• [Task] Each line from the opening of the records that follow to the line with "(\<forall>i. \<gamma> i = 0" needs to be written out exactly. Add nothing.

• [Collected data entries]
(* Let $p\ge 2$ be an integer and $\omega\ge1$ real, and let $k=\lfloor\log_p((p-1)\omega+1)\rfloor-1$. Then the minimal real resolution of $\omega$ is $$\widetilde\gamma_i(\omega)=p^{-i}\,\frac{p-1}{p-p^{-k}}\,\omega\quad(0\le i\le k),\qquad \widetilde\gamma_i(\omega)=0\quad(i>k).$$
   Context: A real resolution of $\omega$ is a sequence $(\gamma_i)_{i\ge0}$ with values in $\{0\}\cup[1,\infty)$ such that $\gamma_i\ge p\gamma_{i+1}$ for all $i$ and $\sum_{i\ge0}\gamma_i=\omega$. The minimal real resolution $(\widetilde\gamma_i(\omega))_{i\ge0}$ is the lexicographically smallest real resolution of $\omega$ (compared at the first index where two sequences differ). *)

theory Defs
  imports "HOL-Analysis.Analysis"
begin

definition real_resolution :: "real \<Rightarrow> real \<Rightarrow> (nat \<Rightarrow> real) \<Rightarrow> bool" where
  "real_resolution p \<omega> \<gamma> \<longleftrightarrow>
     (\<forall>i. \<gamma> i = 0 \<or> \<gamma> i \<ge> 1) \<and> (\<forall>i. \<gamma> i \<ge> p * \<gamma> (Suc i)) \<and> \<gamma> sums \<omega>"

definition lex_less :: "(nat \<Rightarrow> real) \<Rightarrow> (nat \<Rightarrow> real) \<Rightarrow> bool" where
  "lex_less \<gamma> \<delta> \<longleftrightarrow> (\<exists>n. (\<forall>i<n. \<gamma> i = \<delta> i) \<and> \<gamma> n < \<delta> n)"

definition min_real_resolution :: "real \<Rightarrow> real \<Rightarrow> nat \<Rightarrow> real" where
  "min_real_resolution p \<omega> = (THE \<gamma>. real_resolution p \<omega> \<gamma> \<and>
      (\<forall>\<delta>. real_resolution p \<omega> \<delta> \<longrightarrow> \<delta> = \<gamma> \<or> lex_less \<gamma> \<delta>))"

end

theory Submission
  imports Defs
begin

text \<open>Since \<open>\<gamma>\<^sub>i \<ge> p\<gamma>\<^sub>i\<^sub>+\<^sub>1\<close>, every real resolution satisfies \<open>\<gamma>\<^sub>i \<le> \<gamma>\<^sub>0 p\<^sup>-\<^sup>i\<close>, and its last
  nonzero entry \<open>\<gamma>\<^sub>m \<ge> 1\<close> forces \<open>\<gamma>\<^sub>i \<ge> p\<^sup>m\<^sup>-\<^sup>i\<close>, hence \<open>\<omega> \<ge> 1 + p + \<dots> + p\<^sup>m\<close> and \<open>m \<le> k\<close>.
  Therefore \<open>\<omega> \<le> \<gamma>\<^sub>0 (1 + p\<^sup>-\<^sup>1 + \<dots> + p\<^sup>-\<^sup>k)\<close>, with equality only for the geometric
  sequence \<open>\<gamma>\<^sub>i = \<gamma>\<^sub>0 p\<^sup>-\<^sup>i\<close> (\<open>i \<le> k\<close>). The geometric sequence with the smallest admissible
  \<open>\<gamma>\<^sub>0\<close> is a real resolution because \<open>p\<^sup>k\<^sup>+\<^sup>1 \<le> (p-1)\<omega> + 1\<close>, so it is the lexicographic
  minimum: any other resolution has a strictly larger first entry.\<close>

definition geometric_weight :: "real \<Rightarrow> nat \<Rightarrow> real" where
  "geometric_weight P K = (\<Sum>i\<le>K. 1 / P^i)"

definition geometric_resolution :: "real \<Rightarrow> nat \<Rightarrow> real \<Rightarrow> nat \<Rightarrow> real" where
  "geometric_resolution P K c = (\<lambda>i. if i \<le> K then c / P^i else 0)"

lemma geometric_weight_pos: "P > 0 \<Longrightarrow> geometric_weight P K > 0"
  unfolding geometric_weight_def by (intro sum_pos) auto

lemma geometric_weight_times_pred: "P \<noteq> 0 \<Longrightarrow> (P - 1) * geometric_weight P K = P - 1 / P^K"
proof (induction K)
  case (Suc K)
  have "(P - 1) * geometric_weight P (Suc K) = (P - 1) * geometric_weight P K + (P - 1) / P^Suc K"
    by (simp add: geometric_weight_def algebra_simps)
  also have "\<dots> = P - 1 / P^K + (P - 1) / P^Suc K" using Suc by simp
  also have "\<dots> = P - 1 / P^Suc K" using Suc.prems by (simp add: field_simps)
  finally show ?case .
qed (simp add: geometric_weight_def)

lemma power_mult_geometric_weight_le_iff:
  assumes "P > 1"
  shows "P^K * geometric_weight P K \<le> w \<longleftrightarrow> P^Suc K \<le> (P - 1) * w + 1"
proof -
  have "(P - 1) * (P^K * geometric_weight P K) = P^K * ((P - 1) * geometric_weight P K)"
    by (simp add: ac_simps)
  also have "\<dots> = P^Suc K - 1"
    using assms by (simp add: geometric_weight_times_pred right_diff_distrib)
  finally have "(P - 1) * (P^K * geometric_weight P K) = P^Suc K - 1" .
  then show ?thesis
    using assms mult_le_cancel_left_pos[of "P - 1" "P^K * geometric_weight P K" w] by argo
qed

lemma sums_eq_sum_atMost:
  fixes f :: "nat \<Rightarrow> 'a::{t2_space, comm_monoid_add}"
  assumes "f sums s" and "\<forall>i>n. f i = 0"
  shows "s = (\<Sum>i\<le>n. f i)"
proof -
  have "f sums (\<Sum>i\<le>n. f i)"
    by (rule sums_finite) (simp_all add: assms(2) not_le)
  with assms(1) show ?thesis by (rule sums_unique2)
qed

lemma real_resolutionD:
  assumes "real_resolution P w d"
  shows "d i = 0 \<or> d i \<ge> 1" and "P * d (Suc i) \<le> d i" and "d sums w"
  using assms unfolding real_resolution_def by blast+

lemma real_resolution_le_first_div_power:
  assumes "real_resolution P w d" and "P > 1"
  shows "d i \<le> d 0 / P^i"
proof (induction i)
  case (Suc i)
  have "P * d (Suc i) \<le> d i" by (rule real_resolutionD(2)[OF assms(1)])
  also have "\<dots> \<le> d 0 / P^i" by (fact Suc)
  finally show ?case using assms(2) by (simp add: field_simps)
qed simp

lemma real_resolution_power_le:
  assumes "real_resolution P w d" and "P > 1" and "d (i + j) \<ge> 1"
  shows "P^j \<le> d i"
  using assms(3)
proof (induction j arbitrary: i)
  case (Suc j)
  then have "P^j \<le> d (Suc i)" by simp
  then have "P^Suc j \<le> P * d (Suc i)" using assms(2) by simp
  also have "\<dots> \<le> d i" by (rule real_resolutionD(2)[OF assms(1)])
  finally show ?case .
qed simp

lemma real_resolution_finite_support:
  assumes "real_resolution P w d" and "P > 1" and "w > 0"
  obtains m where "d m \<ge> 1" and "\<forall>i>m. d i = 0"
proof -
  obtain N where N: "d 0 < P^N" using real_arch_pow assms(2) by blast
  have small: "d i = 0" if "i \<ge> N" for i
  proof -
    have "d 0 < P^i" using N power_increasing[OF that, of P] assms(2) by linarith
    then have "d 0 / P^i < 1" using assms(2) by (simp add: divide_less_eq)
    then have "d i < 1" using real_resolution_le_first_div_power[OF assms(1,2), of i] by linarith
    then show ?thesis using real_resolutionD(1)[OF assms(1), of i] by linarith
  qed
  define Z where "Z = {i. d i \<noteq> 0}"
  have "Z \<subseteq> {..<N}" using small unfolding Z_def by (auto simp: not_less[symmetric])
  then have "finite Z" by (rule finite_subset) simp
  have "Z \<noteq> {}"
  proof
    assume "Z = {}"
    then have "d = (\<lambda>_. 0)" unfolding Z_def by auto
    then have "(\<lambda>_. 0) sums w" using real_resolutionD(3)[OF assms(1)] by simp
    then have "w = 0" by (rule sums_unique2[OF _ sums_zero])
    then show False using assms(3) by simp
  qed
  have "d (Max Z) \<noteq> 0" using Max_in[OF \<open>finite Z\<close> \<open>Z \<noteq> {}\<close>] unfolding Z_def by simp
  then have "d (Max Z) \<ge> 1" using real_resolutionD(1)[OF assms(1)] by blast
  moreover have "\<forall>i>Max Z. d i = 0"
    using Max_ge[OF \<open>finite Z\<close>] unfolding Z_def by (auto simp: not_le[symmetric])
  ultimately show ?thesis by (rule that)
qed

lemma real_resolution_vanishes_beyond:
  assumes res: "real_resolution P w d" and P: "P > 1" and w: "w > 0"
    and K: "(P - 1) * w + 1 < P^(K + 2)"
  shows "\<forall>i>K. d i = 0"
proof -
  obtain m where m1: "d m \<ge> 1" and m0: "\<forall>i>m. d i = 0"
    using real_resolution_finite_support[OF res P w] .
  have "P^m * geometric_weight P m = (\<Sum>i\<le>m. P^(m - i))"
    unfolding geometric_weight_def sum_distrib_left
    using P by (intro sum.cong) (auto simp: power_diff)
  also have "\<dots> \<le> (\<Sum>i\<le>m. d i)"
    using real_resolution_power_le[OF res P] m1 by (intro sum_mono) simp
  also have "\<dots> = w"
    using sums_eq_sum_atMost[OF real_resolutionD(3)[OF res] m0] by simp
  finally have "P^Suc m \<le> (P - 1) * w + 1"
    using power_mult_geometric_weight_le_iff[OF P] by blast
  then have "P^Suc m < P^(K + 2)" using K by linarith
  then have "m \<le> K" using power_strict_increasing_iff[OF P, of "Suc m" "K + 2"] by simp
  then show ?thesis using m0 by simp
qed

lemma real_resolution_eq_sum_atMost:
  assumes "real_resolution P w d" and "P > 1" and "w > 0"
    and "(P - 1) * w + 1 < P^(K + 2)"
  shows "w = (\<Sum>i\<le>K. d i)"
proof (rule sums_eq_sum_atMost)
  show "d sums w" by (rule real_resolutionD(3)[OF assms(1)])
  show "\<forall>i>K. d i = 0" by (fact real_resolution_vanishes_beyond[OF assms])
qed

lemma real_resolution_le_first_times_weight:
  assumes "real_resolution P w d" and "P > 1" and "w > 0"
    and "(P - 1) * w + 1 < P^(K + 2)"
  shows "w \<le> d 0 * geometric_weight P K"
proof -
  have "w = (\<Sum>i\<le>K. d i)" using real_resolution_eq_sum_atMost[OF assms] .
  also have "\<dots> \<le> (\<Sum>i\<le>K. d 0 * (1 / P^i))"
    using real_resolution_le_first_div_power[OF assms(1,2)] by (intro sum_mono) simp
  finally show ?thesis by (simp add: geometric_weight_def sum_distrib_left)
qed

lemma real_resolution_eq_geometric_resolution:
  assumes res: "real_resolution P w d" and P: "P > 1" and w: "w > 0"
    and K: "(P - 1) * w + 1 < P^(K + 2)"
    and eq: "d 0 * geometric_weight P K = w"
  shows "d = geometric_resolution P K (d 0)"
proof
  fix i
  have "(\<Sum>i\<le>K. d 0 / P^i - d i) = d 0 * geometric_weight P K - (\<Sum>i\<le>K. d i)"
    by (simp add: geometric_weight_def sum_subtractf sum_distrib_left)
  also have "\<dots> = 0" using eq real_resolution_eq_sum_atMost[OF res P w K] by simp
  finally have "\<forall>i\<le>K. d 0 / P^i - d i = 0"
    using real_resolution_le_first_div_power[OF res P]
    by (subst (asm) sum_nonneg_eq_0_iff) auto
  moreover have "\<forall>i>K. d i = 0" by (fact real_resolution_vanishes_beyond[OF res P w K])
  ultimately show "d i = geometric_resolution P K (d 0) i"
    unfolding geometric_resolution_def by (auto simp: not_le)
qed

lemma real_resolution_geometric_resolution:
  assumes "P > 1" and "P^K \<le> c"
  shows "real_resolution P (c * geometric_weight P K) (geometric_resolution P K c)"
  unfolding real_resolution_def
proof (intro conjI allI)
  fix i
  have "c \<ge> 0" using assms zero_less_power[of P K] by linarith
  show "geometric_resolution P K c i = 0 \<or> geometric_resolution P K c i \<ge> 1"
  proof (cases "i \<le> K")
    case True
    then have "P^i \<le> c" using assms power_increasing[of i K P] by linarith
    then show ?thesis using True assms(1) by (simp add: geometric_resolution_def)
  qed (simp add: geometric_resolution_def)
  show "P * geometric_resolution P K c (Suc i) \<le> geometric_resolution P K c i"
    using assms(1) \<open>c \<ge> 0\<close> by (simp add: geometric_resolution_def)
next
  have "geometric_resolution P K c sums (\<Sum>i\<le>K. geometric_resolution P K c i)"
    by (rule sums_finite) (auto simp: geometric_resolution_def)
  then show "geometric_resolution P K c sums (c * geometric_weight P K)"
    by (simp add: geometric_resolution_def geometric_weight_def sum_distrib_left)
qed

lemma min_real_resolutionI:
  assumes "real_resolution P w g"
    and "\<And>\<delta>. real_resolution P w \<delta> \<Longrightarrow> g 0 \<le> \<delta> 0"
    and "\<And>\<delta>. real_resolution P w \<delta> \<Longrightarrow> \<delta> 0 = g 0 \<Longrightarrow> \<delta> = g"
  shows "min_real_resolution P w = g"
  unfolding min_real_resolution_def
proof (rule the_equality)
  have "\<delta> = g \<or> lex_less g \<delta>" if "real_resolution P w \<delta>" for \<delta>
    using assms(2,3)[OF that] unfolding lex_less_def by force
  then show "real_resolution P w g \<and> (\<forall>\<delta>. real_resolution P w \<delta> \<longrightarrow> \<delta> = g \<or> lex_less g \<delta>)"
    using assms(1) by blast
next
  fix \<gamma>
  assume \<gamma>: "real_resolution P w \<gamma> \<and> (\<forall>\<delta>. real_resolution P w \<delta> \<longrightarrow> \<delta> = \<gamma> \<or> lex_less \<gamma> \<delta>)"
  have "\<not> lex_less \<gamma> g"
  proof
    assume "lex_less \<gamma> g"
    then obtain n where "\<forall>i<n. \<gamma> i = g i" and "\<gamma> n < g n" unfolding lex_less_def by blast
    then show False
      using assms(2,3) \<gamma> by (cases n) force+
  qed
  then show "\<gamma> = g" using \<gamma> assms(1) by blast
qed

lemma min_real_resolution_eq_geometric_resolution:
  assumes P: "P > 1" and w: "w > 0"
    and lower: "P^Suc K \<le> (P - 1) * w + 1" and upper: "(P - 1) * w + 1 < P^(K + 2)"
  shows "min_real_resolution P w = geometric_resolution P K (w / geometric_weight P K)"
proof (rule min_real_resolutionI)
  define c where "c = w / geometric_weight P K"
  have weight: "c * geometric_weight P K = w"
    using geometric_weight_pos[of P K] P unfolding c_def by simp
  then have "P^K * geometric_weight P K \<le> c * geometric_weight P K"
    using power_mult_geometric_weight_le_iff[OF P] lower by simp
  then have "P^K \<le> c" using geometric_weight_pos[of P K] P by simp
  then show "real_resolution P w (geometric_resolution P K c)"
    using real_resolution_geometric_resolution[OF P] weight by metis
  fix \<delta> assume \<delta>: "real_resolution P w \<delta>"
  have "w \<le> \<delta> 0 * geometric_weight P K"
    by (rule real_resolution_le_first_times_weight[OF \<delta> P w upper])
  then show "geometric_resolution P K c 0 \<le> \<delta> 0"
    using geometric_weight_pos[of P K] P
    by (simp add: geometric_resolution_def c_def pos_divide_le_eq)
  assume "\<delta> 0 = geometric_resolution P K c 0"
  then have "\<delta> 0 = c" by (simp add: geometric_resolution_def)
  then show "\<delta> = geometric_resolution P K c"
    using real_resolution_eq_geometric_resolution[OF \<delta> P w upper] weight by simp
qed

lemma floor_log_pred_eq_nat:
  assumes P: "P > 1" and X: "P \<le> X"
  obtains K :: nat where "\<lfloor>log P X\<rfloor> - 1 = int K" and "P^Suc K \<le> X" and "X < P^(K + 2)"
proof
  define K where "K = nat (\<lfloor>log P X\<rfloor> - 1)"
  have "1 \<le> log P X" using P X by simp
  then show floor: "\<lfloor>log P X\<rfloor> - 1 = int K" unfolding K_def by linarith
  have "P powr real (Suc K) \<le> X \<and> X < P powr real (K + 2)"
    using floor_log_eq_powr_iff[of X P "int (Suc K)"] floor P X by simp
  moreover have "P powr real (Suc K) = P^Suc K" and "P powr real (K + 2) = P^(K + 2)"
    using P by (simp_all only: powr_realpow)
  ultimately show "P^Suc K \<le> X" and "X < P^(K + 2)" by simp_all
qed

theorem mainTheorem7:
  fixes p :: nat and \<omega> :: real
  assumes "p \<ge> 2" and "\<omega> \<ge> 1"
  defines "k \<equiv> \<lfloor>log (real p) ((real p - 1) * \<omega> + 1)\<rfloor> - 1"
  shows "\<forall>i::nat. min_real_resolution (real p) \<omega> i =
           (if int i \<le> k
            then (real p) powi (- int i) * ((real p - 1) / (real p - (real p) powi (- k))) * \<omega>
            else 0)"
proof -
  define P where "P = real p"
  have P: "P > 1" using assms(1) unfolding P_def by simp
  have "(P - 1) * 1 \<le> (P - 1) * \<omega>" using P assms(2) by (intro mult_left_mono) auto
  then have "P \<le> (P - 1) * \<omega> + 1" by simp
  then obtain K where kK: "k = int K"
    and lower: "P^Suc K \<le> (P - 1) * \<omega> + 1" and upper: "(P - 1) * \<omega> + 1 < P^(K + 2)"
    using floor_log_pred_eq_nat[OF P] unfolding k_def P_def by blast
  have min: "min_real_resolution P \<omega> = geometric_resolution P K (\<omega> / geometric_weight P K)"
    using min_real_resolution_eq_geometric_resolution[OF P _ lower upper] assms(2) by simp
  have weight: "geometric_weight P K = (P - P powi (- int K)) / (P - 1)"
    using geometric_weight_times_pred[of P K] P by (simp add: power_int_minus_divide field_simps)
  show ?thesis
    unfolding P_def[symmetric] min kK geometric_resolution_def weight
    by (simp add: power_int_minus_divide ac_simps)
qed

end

• [Exercise output]
(* Let $p\ge 2$ be an integer and $\omega\ge1$ real, and let $k=\lfloor\log_p((p-1)\omega+1)\rfloor-1$. Then the minimal real resolution of $\omega$ is $$\widetilde\gamma_i(\omega)=p^{-i}\,\frac{p-1}{p-p^{-k}}\,\omega\quad(0\le i\le k),\qquad \widetilde\gamma_i(\omega)=0\quad(i>k).$$
   Context: A real resolution of $\omega$ is a sequence $(\gamma_i)_{i\ge0}$ with values in $\{0\}\cup[1,\infty)$ such that $\gamma_i\ge p\gamma_{i+1}$ for all $i$ and $\sum_{i\ge0}\gamma_i=\omega$. The minimal real resolution $(\widetilde\gamma_i(\omega))_{i\ge0}$ is the lexicographically smallest real resolution of $\omega$ (compared at the first index where two sequences differ). *)

theory Defs
  imports "HOL-Analysis.Analysis"
begin

definition real_resolution :: "real \<Rightarrow> real \<Rightarrow> (nat \<Rightarrow> real) \<Rightarrow> bool" where
  "real_resolution p \<omega> \<gamma> \<longleftrightarrow>
     (\<forall>i. \<gamma> i = 0 \<or> \<gamma> i \<ge> 1) \<and> (\<forall>i. \<gamma> i \<ge> p * \<gamma> (Suc i)) \<and> \<gamma> sums \<omega>"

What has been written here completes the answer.